For those corporate employees who get frustrated by the slowness of decisions and the glacial pace of deployments, take comfort in the fact that this slowness was a gift for cyberthieves who wanted to—and successfully did—attack Home Depot. The attackers literally took advantage of the slow reaction time of the huge chain to make its attack effective.
Cyberthieves “move quickly to exploit flaws—unlike the decision-making and drawn-out testing procedures that corporations use when making big changes to store systems. That difference can leave retailers hopelessly behind their new adversaries,” said a Wall Street Journal report on the attack. It quoted one Home Depot insider saying: “You are always responding. You never can catch up to where (cyberthieves) are.”
The story said that one month management and security teams to agree on their shopping list of protection tools, which would require extensive system upgrades. “The security team at Home Depot faced challenges similar to those at other large retailers.
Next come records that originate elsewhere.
definition cls_GVC :: "(nat \<Rightarrow> nat \<Rightarrow> real) \<Rightarrow> (nat \<Rightarrow> nat \<Rightarrow> real) \<Rightarrow> (nat \<Rightarrow> nat \<Rightarrow> real) \<Rightarrow> bool" where
  "cls_GVC q0 q1 q2 \<longleftrightarrow> True"
definition cls_GVC1 :: "(nat \<Rightarrow> nat \<Rightarrow> real) \<Rightarrow> (nat \<Rightarrow> nat \<Rightarrow> real) \<Rightarrow> (nat \<Rightarrow> nat \<Rightarrow> real) \<Rightarrow> bool" where
  "cls_GVC1 q0 q1 q2 \<longleftrightarrow> q1 = (\<lambda>i j. 0) \<and> q2 = (\<lambda>i j. 0)"
definition cls_GVC2 :: "(nat \<Rightarrow> nat \<Rightarrow> real) \<Rightarrow> (nat \<Rightarrow> nat \<Rightarrow> real) \<Rightarrow> (nat \<Rightarrow> nat \<Rightarrow> real) \<Rightarrow> bool" where
  "cls_GVC2 q0 q1 q2 \<longleftrightarrow> q0 = (\<lambda>i j. 0) \<and> q1 = (\<lambda>i j. 0)"

definition gvc_formulated_as_bqp ::
  "nat \<Rightarrow> nat \<Rightarrow> (nat \<times> nat) set \<Rightarrow> (nat \<Rightarrow> real) \<Rightarrow> (nat \<Rightarrow> real) \<Rightarrow>
   (nat \<Rightarrow> nat \<Rightarrow> real) \<Rightarrow> (nat \<Rightarrow> nat \<Rightarrow> real) \<Rightarrow> (nat \<Rightarrow> nat \<Rightarrow> real) \<Rightarrow> bool" where
  "gvc_formulated_as_bqp m n E c d q0 q1 q2 \<longleftrightarrow>
     (\<exists>Q a b K.
        (\<forall>U1 U2. U1 \<subseteq> {1..m} \<longrightarrow> U2 \<subseteq> {1..n} \<longrightarrow>
           gvc_obj E c d q0 q1 q2 U1 U2 = bqp_obj m n Q a b (incid U1) (incid U2) + K) \<and>
        (\<forall>U1 U2. U1 \<subseteq> {1..m} \<longrightarrow> U2 \<subseteq> {1..n} \<longrightarrow>
           bqp_opt m n Q a b (incid U1) (incid U2) \<longrightarrow> gvc_opt m n E c d q0 q1 q2 U1 U2))"

definition bqp_formulated_as_gvc ::
  "((nat \<Rightarrow> nat \<Rightarrow> real) \<Rightarrow> (nat \<Rightarrow> nat \<Rightarrow> real) \<Rightarrow> (nat \<Rightarrow> nat \<Rightarrow> real) \<Rightarrow> bool) \<Rightarrow>
   nat \<Rightarrow> nat \<Rightarrow> (nat \<Rightarrow> nat \<Rightarrow> real) \<Rightarrow> (nat \<Rightarrow> real) \<Rightarrow> (nat \<Rightarrow> real) \<Rightarrow> bool" where
  "bqp_formulated_as_gvc cls m n Q a b \<longleftrightarrow>
     (\<exists>E c d q0 q1 q2 K. bip_graph m n E \<and> cls q0 q1 q2 \<and>
        (\<forall>x y. bqp_feas m n x y \<longrightarrow>
           bqp_obj m n Q a b x y = gvc_obj E c d q0 q1 q2 (supp01 m x) (supp01 n y) + K) \<and>
        (\<forall>U1 U2. gvc_opt m n E c d q0 q1 q2 U1 U2 \<longrightarrow>
           bqp_opt m n Q a b (incid U1) (incid U2)))"

definition equiv_bqp ::
  "((nat \<Rightarrow> nat \<Rightarrow> real) \<Rightarrow> (nat \<Rightarrow> nat \<Rightarrow> real) \<Rightarrow> (nat \<Rightarrow> nat \<Rightarrow> real) \<Rightarrow> bool) \<Rightarrow> bool" where
  "equiv_bqp cls \<longleftrightarrow>
     (\<forall>m n E c d q0 q1 q2. bip_graph m n E \<longrightarrow> cls q0 q1 q2 \<longrightarrow>
         gvc_formulated_as_bqp m n E c d q0 q1 q2) \<and>
     (\<forall>m n Q a b. bqp_formulated_as_gvc cls m n Q a b)"

end

theory Submission
  imports Defs
begin

(* For the incidence vectors x, y of U1, U2 the edge classes have polynomial indicators:
   an edge (i,j) lies in E0, E1, E2 iff (1 - x i) (1 - y j), x i + y j - 2 x i y j, x i y j is 1.
   So a GVC objective is a bilinear function of (x, y), i.e. a BQP01 objective plus a constant.
   Conversely, a BQP01 instance is the GVC2 instance on the complete bipartite graph with q2 = Q,
   and, since x i y j = (1 - x i) (1 - y j) - 1 + x i + y j, also a GVC1 instance with q0 = Q.
   Objectives differing by a constant have the same optimal solutions. *)

lemma sum_pairs_filter:
  "finite E \<Longrightarrow> (\<Sum>(i,j)\<in>{(i,j)\<in>E. P i j}. f i j) = (\<Sum>(i,j)\<in>E. if P i j then f i j else 0)"
  by (simp add: sum.inter_filter[symmetric] split_def case_prod_beta')

lemma sum_pairs_eq_double_sum:
  assumes "E \<subseteq> A \<times> B" "finite A" "finite B"
  shows "(\<Sum>(i,j)\<in>E. f i j) = (\<Sum>i\<in>A. \<Sum>j\<in>B. if (i,j) \<in> E then f i j else 0)"
proof -
  have "(\<Sum>(i,j)\<in>E. f i j) = (\<Sum>(i,j)\<in>A \<times> B. if (i,j) \<in> E then f i j else 0)"
    using assms by (intro sum.mono_neutral_cong_left) auto
  then show ?thesis
    by (simp add: sum.cartesian_product)
qed

lemma sum_eq_sum_incid:
  assumes "U \<subseteq> A" "finite A"
  shows "(\<Sum>i\<in>U. c i) = (\<Sum>i\<in>A. c i * incid U i)"
  using assms by (simp add: incid_def sum.inter_restrict[symmetric] Int_absorb1 if_distrib cong: if_cong)

lemma gvc_obj_eq_edge_sum:
  assumes "finite E"
  shows "gvc_obj E c d q0 q1 q2 U1 U2 = (\<Sum>i\<in>U1. c i) + (\<Sum>j\<in>U2. d j)
    + (\<Sum>(i,j)\<in>E. q0 i j * (1 - incid U1 i) * (1 - incid U2 j)
        + q1 i j * (incid U1 i + incid U2 j - 2 * incid U1 i * incid U2 j)
        + q2 i j * incid U1 i * incid U2 j)"
proof -
  have "(\<Sum>(i,j)\<in>E0 E U1 U2. q0 i j) + (\<Sum>(i,j)\<in>E1 E U1 U2. q1 i j)
      + (\<Sum>(i,j)\<in>E2 E U1 U2. q2 i j)
    = (\<Sum>(i,j)\<in>E. (if i \<notin> U1 \<and> j \<notin> U2 then q0 i j else 0)
        + (if (i \<in> U1) \<noteq> (j \<in> U2) then q1 i j else 0)
        + (if i \<in> U1 \<and> j \<in> U2 then q2 i j else 0))"
    unfolding E0_def E1_def E2_def sum_pairs_filter[OF assms]
    by (simp add: sum.distrib split_def)
  also have "\<dots> = (\<Sum>(i,j)\<in>E. q0 i j * (1 - incid U1 i) * (1 - incid U2 j)
        + q1 i j * (incid U1 i + incid U2 j - 2 * incid U1 i * incid U2 j)
        + q2 i j * incid U1 i * incid U2 j)"
    by (intro sum.cong refl) (auto simp: incid_def)
  finally show ?thesis
    unfolding gvc_obj_def by simp
qed

lemma gvc_obj_eq_bqp_obj:
  assumes E: "E \<subseteq> {1..m} \<times> {1..n}" and U: "U1 \<subseteq> {1..m}" "U2 \<subseteq> {1..n}"
  shows "gvc_obj E c d q0 q1 q2 U1 U2 =
    bqp_obj m n (\<lambda>i j. if (i,j) \<in> E then q0 i j - 2 * q1 i j + q2 i j else 0)
      (\<lambda>i. c i + (\<Sum>j=1..n. if (i,j) \<in> E then q1 i j - q0 i j else 0))
      (\<lambda>j. d j + (\<Sum>i=1..m. if (i,j) \<in> E then q1 i j - q0 i j else 0))
      (incid U1) (incid U2)
    + (\<Sum>i=1..m. \<Sum>j=1..n. if (i,j) \<in> E then q0 i j else 0)"
proof -
  define x where "x = incid U1"
  define y where "y = incid U2"
  have "finite E"
    using E finite_subset by blast
  have "(\<Sum>(i,j)\<in>E. q0 i j * (1 - x i) * (1 - y j) + q1 i j * (x i + y j - 2 * x i * y j)
          + q2 i j * x i * y j)
      = (\<Sum>i=1..m. \<Sum>j=1..n. (if (i,j) \<in> E then q0 i j else 0)
          + (if (i,j) \<in> E then q1 i j - q0 i j else 0) * x i
          + (if (i,j) \<in> E then q1 i j - q0 i j else 0) * y j
          + (if (i,j) \<in> E then q0 i j - 2 * q1 i j + q2 i j else 0) * x i * y j)"
    unfolding sum_pairs_eq_double_sum[OF E finite_atLeastAtMost finite_atLeastAtMost]
    by (intro sum.cong refl) (simp add: algebra_simps)
  also have "\<dots> = (\<Sum>i=1..m. \<Sum>j=1..n. if (i,j) \<in> E then q0 i j else 0)
      + (\<Sum>i=1..m. (\<Sum>j=1..n. if (i,j) \<in> E then q1 i j - q0 i j else 0) * x i)
      + (\<Sum>j=1..n. (\<Sum>i=1..m. if (i,j) \<in> E then q1 i j - q0 i j else 0) * y j)
      + (\<Sum>i=1..m. \<Sum>j=1..n. (if (i,j) \<in> E then q0 i j - 2 * q1 i j + q2 i j else 0) * x i * y j)"
    by (simp add: sum.distrib sum_distrib_right) (rule sum.swap)
  finally show ?thesis
    unfolding gvc_obj_eq_edge_sum[OF \<open>finite E\<close>] bqp_obj_def
      sum_eq_sum_incid[OF U(1) finite_atLeastAtMost] sum_eq_sum_incid[OF U(2) finite_atLeastAtMost]
      x_def[symmetric] y_def[symmetric]
    by (simp add: distrib_right sum.distrib)
qed

lemma bqp_obj_cong:
  assumes "\<And>i j. i \<in> {1..m} \<Longrightarrow> j \<in> {1..n} \<Longrightarrow> Q i j = Q' i j"
    and "\<And>i. i \<in> {1..m} \<Longrightarrow> a i = a' i" "\<And>j. j \<in> {1..n} \<Longrightarrow> b j = b' j"
    and "\<And>i. i \<in> {1..m} \<Longrightarrow> x i = x' i" "\<And>j. j \<in> {1..n} \<Longrightarrow> y j = y' j"
  shows "bqp_obj m n Q a b x y = bqp_obj m n Q' a' b' x' y'"
  unfolding bqp_obj_def using assms by (auto intro!: sum.cong arg_cong2[where f = "(+)"])

lemma bqp_feas_incid: "bqp_feas m n (incid U1) (incid U2)"
  unfolding bqp_feas_def incid_def by auto

lemma incid_supp01:
  assumes "x i \<in> {0,1}" "i \<in> {1..k}"
  shows "incid (supp01 k x) i = x i"
  using assms unfolding incid_def supp01_def by auto

lemma gvc_formulated_as_bqpI:
  assumes eq: "\<And>U1 U2. U1 \<subseteq> {1..m} \<Longrightarrow> U2 \<subseteq> {1..n} \<Longrightarrow>
    gvc_obj E c d q0 q1 q2 U1 U2 = bqp_obj m n Q a b (incid U1) (incid U2) + K"
  shows "gvc_formulated_as_bqp m n E c d q0 q1 q2"
  unfolding gvc_formulated_as_bqp_def
proof (intro exI conjI allI impI)
  fix U1 U2
  assume U: "U1 \<subseteq> {1..m}" "U2 \<subseteq> {1..n}"
  then show "gvc_obj E c d q0 q1 q2 U1 U2 = bqp_obj m n Q a b (incid U1) (incid U2) + K"
    by (rule eq)
  assume "bqp_opt m n Q a b (incid U1) (incid U2)"
  then have "bqp_obj m n Q a b (incid U1) (incid U2) \<le> bqp_obj m n Q a b (incid W1) (incid W2)"
    for W1 W2
    using bqp_feas_incid unfolding bqp_opt_def by blast
  then show "gvc_opt m n E c d q0 q1 q2 U1 U2"
    unfolding gvc_opt_def using U eq by simp
qed
(* If there is no uncertainty, then there exist optimal priority and quota mechanisms.
   Context: A single authority allocates a measure $q\in(0,1)$ of a homogeneous resource to a continuum of agents. Each agent has a type $\theta=(s,m)\in\Theta=[0,1]\times\mathcal{M}$, consisting of a score $s\in[0,1]$ and a group $m$ in a finite set $\mathcal{M}$. In state $\omega$, the measure of types is $F_\omega$ with density $f_\omega$; the authority's belief over states is $\Lambda$. An allocation $\mu:\Theta\to\{0,1\}$ is feasible if it allocates at most measure $q$; a mechanism maps each state to a feasible allocation. The score index is $\bar s_h(\mu,\omega)=\int_\Theta \mu(s,m)h(s)\,dF_\omega(s,m)$ for a continuous, strictly increasing $h:[0,1]\to\mathbb{R}_+$, and the measure of group-$m$ agents allocated is $x_m(\mu,\omega)=\int_0^1\mu(s,m)f_\omega(s,m)\,ds$. The authority's utility is $\xi(\bar s_h,x)=g\big(\bar s_h+\sum_{m\in\mathcal{M}}u_m(x_m)\big)$ with $g$ continuous and strictly increasing and each $u_m$ differentiable and concave; the authority always prefers to allocate the entire resource. "No uncertainty" means $\Lambda$ is a Dirac measure on a single state, and a mechanism is optimal without uncertainty if it maximizes the authority's utility. A priority mechanism, induced by a priority policy $P:\Theta\to[0,1]$, allocates the resource in order of priorities $P(s,m)$ until measure $q$ is allocated, with ties broken uniformly at random. A quota mechanism, induced by $(Q,D)$ with $Q=\{Q_m\}_{m\in\mathcal{M}}$ reserving measure $Q_m$ for group $m$ (residual $Q_R=q-\sum_m Q_m$ open to all) and a bijection $D:\mathcal{M}\cup\{R\}\to\{1,\dots,|\mathcal{M}|+1\}$ giving the processing order, allocates $Q_{D^{-1}(k)}$ to agents of group $D^{-1}(k)$ in ascending order of $k$ and in descending order of score within each $k$; if there are insufficiently many agents of a group to fill its quota, the residual capacity is allocated in a final round in which all agents are eligible. *)

theory Defs
  imports "HOL-Analysis.Analysis"
begin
The networks are sprawling and deeply interconnected,” the story said, adding that if a cybererthief “could find one weakness, he might be able to tunnel across the networks to more sensitive data.”
Another wrinkle: Home Depot hadn’t completed an already-planned 80,000-POS upgrade to support EMV, which needed to happen before the security upgrades could be deployed. It’s original plan had been to deploy EMV systems by next year, but the Target breach scared Home Depot into accelerating that EMV rollout so that it was completed by the summer of 2014.